**Problem description:**
Transcribe only part of the material below: the lines from the one containing "(\<forall>a1\<in>T. \<forall>a2\<in>T. \<forall>a3\<in>T." through the one containing "(\<forall>a\<in>T. \<forall>b\<in>T. h", inclusive, exactly as written.

**Exercise inputs:**
*****
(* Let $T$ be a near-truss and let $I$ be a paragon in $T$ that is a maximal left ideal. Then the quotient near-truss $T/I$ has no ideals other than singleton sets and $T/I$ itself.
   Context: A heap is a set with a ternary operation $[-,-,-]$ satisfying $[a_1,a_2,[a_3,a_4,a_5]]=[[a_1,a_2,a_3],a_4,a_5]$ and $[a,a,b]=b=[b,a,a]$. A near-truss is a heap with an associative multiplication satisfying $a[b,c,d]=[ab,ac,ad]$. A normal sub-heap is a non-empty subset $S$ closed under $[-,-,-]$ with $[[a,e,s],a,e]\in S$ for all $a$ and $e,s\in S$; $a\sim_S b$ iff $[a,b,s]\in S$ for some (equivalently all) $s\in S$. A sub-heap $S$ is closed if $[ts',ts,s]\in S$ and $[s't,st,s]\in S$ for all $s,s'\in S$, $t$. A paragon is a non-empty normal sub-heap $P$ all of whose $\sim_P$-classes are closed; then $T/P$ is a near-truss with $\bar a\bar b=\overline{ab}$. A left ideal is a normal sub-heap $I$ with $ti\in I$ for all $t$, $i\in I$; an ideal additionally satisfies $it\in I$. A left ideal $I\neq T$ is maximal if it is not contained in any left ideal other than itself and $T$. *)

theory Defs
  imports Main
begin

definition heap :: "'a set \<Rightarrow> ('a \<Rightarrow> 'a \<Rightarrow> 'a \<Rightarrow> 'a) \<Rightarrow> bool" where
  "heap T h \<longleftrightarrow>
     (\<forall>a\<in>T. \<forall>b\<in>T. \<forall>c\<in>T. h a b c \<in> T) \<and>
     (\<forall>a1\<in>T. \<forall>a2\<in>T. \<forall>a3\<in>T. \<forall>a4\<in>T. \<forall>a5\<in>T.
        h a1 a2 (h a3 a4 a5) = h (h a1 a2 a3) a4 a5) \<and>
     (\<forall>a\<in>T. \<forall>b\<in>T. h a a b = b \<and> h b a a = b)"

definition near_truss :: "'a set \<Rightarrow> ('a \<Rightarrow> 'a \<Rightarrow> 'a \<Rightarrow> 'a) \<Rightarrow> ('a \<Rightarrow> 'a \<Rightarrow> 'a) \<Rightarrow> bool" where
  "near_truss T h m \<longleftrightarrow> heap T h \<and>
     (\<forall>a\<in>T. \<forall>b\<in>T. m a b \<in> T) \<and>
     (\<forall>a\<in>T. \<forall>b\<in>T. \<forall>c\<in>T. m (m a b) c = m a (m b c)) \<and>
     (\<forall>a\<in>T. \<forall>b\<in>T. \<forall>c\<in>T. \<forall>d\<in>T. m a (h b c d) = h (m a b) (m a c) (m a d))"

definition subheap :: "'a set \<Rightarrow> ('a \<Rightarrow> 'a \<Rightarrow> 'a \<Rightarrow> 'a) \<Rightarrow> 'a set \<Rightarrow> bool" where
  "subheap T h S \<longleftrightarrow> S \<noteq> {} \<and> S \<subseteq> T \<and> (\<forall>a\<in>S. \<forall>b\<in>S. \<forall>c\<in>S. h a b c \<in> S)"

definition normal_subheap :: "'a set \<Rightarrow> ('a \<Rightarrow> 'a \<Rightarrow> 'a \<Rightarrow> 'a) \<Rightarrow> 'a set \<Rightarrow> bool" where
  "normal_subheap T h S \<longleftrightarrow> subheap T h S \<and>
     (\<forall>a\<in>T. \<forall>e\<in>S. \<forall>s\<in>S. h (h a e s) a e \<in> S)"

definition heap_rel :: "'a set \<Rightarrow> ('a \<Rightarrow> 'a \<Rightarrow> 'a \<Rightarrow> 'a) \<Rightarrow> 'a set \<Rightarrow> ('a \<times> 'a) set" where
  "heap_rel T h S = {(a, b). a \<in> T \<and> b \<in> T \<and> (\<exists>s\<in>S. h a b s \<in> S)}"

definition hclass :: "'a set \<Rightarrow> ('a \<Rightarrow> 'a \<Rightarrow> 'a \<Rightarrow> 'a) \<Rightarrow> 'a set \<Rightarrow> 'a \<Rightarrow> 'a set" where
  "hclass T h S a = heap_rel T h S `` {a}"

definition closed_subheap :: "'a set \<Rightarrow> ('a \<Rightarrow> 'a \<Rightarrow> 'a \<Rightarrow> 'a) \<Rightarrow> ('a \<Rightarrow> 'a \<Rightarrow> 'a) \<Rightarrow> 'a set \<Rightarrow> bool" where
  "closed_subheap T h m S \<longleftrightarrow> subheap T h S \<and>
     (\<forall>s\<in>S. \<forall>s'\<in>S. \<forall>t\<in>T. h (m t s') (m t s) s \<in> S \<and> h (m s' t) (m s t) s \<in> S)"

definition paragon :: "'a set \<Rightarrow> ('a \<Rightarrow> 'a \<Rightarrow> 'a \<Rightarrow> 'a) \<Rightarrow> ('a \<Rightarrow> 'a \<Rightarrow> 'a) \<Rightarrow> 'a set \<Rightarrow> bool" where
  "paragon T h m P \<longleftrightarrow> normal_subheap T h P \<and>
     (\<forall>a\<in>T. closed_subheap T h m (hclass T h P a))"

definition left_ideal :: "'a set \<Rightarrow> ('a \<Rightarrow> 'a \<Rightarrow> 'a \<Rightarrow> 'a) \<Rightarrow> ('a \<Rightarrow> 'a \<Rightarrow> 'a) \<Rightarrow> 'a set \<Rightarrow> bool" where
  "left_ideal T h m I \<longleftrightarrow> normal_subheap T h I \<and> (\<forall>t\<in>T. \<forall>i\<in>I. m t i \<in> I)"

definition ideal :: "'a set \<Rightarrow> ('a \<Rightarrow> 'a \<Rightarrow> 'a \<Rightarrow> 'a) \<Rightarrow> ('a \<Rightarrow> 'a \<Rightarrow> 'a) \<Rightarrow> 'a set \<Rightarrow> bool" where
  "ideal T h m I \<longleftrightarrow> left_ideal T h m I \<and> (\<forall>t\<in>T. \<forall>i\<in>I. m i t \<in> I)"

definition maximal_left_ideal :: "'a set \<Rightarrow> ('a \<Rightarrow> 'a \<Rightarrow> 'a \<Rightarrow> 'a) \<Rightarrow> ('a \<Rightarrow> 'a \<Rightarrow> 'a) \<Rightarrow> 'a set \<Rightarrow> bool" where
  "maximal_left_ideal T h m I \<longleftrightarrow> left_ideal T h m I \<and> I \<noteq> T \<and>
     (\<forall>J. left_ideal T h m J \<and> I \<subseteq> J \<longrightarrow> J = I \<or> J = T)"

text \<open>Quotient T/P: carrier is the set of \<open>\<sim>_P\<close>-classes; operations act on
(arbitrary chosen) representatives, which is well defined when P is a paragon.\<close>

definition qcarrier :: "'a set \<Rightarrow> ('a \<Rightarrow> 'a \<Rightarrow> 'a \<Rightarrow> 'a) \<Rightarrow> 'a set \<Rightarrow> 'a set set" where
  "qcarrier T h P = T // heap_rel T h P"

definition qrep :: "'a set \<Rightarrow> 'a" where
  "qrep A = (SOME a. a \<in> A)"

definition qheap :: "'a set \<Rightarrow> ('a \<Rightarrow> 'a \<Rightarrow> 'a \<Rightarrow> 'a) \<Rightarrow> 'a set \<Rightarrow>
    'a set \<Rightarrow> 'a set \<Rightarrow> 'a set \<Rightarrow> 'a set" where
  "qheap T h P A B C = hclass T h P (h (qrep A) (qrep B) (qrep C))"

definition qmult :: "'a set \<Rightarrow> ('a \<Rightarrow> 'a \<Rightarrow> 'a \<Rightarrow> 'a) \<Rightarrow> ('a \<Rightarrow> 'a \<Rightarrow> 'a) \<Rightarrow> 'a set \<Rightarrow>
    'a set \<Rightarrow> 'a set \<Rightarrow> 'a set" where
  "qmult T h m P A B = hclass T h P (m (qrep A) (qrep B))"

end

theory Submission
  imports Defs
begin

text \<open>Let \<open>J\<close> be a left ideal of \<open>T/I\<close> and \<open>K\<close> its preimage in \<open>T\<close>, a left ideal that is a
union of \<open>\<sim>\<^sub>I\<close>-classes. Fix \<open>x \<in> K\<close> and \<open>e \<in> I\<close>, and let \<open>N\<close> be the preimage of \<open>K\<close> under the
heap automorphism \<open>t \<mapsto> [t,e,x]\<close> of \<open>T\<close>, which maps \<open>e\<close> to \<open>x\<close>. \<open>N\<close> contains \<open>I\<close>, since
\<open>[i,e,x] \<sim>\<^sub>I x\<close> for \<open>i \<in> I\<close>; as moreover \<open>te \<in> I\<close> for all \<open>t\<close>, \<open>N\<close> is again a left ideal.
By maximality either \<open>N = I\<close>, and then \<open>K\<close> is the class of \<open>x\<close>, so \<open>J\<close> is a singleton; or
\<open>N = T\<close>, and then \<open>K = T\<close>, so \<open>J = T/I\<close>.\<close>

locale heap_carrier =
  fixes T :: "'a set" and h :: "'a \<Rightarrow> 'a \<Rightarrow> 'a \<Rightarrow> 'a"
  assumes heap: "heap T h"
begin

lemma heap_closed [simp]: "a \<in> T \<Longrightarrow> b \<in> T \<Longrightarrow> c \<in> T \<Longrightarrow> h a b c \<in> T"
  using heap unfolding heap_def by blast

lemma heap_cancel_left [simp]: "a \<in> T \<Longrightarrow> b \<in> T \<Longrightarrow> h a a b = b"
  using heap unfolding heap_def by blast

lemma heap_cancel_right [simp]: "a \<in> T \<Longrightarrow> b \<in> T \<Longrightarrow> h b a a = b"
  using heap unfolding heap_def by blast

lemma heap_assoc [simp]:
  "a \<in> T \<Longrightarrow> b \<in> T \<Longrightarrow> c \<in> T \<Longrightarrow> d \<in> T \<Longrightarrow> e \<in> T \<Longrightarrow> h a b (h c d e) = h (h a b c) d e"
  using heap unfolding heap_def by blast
*****
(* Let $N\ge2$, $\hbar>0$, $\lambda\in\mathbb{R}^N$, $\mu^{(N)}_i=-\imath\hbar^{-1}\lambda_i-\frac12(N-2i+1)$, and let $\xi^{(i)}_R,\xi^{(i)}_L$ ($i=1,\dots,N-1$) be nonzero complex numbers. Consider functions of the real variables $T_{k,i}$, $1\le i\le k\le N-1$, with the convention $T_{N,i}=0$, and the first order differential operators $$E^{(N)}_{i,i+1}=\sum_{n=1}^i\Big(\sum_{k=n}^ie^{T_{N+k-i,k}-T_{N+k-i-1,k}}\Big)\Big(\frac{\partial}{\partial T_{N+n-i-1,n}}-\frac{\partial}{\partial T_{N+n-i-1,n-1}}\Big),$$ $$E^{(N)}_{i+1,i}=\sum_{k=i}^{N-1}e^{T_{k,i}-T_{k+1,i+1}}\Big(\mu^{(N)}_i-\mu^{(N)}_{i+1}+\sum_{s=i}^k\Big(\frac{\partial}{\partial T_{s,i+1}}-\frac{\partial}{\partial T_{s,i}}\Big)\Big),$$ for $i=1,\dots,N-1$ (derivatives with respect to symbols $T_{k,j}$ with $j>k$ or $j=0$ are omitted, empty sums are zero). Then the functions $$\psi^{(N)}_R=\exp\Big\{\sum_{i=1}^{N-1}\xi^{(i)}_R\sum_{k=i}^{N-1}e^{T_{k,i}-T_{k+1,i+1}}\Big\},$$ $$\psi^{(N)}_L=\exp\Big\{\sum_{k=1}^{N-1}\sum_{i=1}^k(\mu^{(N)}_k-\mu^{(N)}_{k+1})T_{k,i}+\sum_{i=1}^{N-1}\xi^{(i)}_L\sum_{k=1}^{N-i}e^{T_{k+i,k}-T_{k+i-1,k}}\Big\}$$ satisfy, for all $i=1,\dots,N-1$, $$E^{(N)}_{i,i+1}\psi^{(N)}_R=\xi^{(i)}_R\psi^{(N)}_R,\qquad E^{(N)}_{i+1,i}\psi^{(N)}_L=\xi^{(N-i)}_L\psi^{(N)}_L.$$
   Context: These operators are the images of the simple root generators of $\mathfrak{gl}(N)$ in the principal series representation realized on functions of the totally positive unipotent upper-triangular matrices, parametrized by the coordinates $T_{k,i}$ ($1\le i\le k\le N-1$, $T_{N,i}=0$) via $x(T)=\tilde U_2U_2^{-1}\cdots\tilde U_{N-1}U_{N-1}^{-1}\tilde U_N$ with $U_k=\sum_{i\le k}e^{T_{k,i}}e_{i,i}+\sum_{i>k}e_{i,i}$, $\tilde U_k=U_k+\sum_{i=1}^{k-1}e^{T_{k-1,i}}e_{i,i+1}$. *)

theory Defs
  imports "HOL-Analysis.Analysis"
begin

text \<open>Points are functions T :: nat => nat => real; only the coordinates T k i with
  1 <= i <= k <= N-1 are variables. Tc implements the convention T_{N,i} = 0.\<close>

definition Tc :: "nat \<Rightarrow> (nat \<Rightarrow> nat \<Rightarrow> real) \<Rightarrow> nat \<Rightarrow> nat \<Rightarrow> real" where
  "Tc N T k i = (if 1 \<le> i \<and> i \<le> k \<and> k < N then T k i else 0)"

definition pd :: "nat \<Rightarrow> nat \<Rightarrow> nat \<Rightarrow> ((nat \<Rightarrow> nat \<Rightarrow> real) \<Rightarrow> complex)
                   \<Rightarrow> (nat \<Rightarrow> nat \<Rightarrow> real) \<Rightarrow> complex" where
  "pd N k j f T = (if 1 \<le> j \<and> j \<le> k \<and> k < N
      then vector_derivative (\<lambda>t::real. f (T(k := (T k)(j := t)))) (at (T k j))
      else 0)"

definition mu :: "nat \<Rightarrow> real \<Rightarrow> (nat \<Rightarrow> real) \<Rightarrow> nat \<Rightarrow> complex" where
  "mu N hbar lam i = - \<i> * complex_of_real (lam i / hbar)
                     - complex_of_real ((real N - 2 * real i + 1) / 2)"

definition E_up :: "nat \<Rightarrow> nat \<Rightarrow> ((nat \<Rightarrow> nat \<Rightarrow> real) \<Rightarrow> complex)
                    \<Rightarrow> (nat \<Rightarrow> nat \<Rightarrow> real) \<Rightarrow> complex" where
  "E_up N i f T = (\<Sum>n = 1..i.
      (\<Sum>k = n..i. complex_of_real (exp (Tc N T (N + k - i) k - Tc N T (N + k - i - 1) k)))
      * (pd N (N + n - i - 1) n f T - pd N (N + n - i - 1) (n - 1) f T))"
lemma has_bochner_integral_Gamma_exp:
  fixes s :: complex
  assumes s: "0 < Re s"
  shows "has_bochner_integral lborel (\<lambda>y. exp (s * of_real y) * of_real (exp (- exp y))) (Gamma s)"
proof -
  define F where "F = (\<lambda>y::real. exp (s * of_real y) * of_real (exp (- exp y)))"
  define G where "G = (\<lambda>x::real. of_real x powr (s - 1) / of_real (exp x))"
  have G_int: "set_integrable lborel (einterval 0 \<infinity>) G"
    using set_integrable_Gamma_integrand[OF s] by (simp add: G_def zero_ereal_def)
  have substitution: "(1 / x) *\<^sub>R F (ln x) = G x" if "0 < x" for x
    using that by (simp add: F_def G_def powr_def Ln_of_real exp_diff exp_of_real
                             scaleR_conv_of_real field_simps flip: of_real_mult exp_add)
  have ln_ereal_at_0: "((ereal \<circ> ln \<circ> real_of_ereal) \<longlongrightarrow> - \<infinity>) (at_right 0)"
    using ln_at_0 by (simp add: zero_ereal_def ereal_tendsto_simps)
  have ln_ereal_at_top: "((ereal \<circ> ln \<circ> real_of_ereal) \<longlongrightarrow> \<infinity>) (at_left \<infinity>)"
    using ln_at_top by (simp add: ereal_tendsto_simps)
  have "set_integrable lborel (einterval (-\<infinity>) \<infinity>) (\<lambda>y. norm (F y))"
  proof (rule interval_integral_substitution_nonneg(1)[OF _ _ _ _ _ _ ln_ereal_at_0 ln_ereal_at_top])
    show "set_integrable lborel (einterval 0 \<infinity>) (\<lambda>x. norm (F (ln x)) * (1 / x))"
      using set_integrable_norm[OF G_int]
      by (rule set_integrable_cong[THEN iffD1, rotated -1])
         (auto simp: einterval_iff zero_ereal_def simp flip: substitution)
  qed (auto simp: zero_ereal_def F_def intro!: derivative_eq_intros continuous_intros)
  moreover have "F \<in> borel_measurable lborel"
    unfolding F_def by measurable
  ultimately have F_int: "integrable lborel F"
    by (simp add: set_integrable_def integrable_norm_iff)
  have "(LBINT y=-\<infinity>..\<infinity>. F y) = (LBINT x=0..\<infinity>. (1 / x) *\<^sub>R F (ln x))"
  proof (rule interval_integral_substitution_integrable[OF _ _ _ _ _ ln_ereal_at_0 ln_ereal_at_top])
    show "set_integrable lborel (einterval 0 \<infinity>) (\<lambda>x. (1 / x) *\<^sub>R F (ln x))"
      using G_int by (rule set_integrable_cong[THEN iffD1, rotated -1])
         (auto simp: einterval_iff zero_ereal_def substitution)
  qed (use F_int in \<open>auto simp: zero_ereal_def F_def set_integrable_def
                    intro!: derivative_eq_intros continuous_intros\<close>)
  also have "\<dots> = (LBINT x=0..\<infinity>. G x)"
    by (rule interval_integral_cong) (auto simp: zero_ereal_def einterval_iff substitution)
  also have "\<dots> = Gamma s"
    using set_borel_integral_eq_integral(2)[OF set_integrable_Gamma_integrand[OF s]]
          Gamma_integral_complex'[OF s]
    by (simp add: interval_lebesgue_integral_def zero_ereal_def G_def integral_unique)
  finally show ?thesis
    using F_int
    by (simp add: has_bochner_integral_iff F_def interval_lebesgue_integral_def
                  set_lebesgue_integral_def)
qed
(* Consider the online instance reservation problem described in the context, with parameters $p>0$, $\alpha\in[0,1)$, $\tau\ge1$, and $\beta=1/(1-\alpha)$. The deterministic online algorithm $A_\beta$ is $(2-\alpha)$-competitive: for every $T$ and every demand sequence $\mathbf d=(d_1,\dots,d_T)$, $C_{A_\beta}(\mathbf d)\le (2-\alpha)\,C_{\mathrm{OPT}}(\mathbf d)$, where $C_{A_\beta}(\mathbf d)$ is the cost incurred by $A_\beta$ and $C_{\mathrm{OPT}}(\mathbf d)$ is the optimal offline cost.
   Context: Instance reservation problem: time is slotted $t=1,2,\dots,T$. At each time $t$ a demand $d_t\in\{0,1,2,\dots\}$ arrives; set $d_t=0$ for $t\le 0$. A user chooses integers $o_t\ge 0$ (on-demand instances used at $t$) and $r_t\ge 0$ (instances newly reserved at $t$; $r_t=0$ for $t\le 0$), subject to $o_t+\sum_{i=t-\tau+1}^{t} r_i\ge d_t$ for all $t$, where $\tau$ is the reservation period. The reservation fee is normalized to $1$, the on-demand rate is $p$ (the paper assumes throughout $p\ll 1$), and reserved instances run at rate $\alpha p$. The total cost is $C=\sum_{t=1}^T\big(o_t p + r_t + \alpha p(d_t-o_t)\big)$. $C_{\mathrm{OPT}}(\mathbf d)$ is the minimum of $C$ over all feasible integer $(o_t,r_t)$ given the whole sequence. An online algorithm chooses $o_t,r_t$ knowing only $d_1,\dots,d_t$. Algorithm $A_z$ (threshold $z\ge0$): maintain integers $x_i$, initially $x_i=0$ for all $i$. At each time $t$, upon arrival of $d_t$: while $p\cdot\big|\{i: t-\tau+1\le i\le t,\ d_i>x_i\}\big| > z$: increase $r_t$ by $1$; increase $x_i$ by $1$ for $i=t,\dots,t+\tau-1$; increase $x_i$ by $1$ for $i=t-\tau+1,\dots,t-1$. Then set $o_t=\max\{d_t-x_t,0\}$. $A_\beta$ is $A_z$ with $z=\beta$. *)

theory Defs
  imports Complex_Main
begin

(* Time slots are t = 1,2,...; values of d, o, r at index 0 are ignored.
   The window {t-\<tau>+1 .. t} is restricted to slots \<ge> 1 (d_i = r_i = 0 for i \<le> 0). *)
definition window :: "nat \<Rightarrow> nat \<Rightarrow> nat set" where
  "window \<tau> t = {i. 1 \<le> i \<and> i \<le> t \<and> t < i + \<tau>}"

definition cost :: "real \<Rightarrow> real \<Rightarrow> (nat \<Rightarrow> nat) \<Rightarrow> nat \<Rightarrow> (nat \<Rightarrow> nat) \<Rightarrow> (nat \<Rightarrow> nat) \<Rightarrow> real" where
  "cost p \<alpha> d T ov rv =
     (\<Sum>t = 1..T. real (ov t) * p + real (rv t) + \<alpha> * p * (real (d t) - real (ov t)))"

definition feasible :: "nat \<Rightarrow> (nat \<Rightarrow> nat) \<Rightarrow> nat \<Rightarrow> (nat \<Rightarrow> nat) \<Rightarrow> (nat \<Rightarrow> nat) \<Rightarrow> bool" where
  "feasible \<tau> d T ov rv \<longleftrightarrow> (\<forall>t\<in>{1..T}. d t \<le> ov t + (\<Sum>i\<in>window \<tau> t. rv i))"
*****
**Task result:**
     (\<forall>a1\<in>T. \<forall>a2\<in>T. \<forall>a3\<in>T. \<forall>a4\<in>T. \<forall>a5\<in>T.
        h a1 a2 (h a3 a4 a5) = h (h a1 a2 a3) a4 a5) \<and>
     (\<forall>a\<in>T. \<forall>b\<in>T. h a a b = b \<and> h b a a = b)"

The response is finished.